Comment by alphabetting

2 years ago

Obtaining this dataset prior to alphafold would have cost on the order of $200 trillion. https://twitter.com/wintonARK/status/1552653527670857729

Anyone knowledgeable know if this estimate is accurate? Insane if true

It's impossible to really put a number on it, because the task itself was impossible. PHDs and the field's top scientists simply couldn't figure out many complicated protein structures after years of attempts, and the fact that there's so many (200M+) mean that the problem space is vast.

It doesn't make any sense on multiple levels. This is a computational prediction and there was no computational alternative- for many of these proteins would never have had a structure solved even if you spent the money. They are just taking $cost_per_structure_solved * number_of_remaining_structures and assuming that things scale linearly like that.

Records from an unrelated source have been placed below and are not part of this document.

lemma pginv_row_eq_ginv_one_row:
  assumes "CARD('m) = 1" "0 < p" "0 < q"
  shows "pginv_row p q (A :: real ^ 'n ^ 'm) = ginv q A"
proof (cases "ginvs A = {}")
  case False
  obtain i0 :: 'm where single_row: "UNIV = {i0}" using card_1_singletonE[OF assms(1)] by blast
  obtain X where "A ** X = mat 1" using False by (auto simp: ginvs_def)
  then have "(A ** X) $ i0 $ i0 = 1" by (simp add: mat_def)
  then have "A $ i0 \<noteq> 0" by (auto simp: matrix_matrix_mult_def single_row)
  then have "0 < lp_norm p (A $ i0)" using lp_norm_pos assms by blast
  then show ?thesis
    by (simp add: pginv_row_def ginv_def row_norm_mult_single_row[OF single_row assms(2,3)])
qed (simp add: pginv_row_def ginv_def)

lemma single_row_pinv_optimal_iff:
  assumes "CARD('m) < CARD('n)" "CARD('m) = 1"
  shows "\<exists>A :: real ^ 'n ^ 'm. full_rank A \<and>
    (\<forall>p q. 0 < p \<longrightarrow> 0 < q \<longrightarrow> q < \<infinity> \<longrightarrow> (pinv A \<in> pginv_row p q A \<longleftrightarrow> q = 2))"
proof -
  obtain A :: "real ^ 'n ^ 'm" where A: "full_rank A"
    "\<And>p q. 0 < p \<Longrightarrow> 0 < q \<Longrightarrow> pinv A \<in> pginv_row (ereal p) (ereal q) A \<longleftrightarrow> q = 2"
    using exists_pinv_optimal_iff_q_2[OF assms(1)] by blast
  have finite_q: "pinv A \<in> pginv_row p (ereal r) A \<longleftrightarrow> r = 2" if "0 < p" "0 < r" for p r
  proof -
    \<comment> \<open>with a single row, \<open>pginv_row p q = ginv q\<close> does not depend on \<open>p\<close>\<close>
    have "0 < ereal r" using that by simp
    then have "pginv_row p (ereal r) A = pginv_row (ereal 2) (ereal r) A"
      using pginv_row_eq_ginv_one_row[OF assms(2)] \<open>0 < p\<close> by (metis zero_less_numeral ereal_less(2))
    then show ?thesis using A(2)[of 2 r] that by simp
  qed
  show ?thesis
  proof (intro exI conjI allI impI)
    fix p q :: ereal
    assume "0 < p" "0 < q" "q < \<infinity>"
    then obtain r where "q = ereal r" "0 < r" by (cases q) auto
    then show "pinv A \<in> pginv_row p q A \<longleftrightarrow> q = 2" using finite_q \<open>0 < p\<close> by simp
  qed (fact A(1))
qed

lemma pinv_optimal_for_all_full_rank_iff:
  assumes "CARD('m) < CARD('n)" "2 \<le> CARD('m)" "1 \<le> p" "0 < q"
  shows "(\<forall>A :: real ^ 'n ^ 'm. full_rank A \<longrightarrow> pinv A \<in> pginv_row (ereal p) (ereal q) A)
    \<longleftrightarrow> p = 2 \<and> q = 2"
proof
  assume all: "\<forall>A :: real ^ 'n ^ 'm. full_rank A \<longrightarrow> pinv A \<in> pginv_row (ereal p) (ereal q) A"
  have "q = 2"
    using exists_pinv_optimal_iff_q_2[OF assms(1)] all assms(3,4) by auto
  moreover have "p = 2"
    using exists_pinv_optimal_iff_p_2[OF assms(1,2)] all assms(3) calculation by auto
  ultimately show "p = 2 \<and> q = 2" by simp
next
  assume "p = 2 \<and> q = 2"
  then show "\<forall>A :: real ^ 'n ^ 'm. full_rank A \<longrightarrow> pinv A \<in> pginv_row (ereal p) (ereal q) A"
    using pinv_in_pginv_row_2_2[where 'm = 'm and 'n = 'n] assms(1) by simp
qed

theorem theorem4:
  assumes mn: "CARD('m) < CARD('n)"
  shows
   "(CARD('m) = 1 \<longrightarrow>
      (\<forall>(A :: real ^ 'n ^ 'm) p q. 0 < p \<longrightarrow> 0 < q \<longrightarrow> pginv_row p q A = ginv q A) \<and>
      (\<exists>A1 :: real ^ 'n ^ 'm. full_rank A1 \<and>
         (\<forall>p q. 0 < p \<longrightarrow> 0 < q \<longrightarrow> q < \<infinity> \<longrightarrow>
            (pinv A1 \<in> pginv_row p q A1 \<longleftrightarrow> q = 2))))
    \<and> (CARD('m) \<ge> 2 \<longrightarrow>
      (\<exists>A4 :: real ^ 'n ^ 'm. full_rank A4 \<and>
         (\<forall>p q :: real. 1 \<le> p \<longrightarrow> 0 < q \<longrightarrow>
            (pinv A4 \<in> pginv_row (ereal p) (ereal q) A4 \<longleftrightarrow> q = 2))))
    \<and> (CARD('m) \<ge> 3 \<longrightarrow>
      (\<exists>A5 :: real ^ 'n ^ 'm. full_rank A5 \<and>
         (\<forall>p :: real. 1 \<le> p \<longrightarrow>
            (pinv A5 \<in> pginv_row (ereal p) 2 A5 \<longleftrightarrow> p = 2))))
    \<and> (CARD('m) \<ge> 3 \<longrightarrow>
      (\<forall>p q :: real. 1 \<le> p \<longrightarrow> 0 < q \<longrightarrow>
         ((\<forall>A :: real ^ 'n ^ 'm. full_rank A \<longrightarrow> pinv A \<in> pginv_row (ereal p) (ereal q) A)
          \<longleftrightarrow> p = 2 \<and> q = 2)))"
  using pginv_row_eq_ginv_one_row[where 'm = 'm and 'n = 'n] single_row_pinv_optimal_iff[OF mn]
    exists_pinv_optimal_iff_q_2[OF mn] exists_pinv_optimal_iff_p_2[OF mn]
    pinv_optimal_for_all_full_rank_iff[OF mn]
  by auto

end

Note that crystallographers are now using these predicftions to bootstrap models of proteins they've struggled to work with, which indicates the level of trust in the structural community for these predictions is pretty high.

Even if that's exaggerated, it might have taken significant time to reach to this stage. Probably on the order of >50 years.

Off the top of my head:

(200 trillion cost) / (200 million structures predicted) = 1 million per structure.

That reflects the personnel cost (5 Yr PHP scholarship, PostDoc/Prof mentorship; inverstment+depreciation for the lab equipment). All this to crystallize 1 structure and characterize its folding behavior.

I don't know if this calculation is too simplistic, just coming up with something.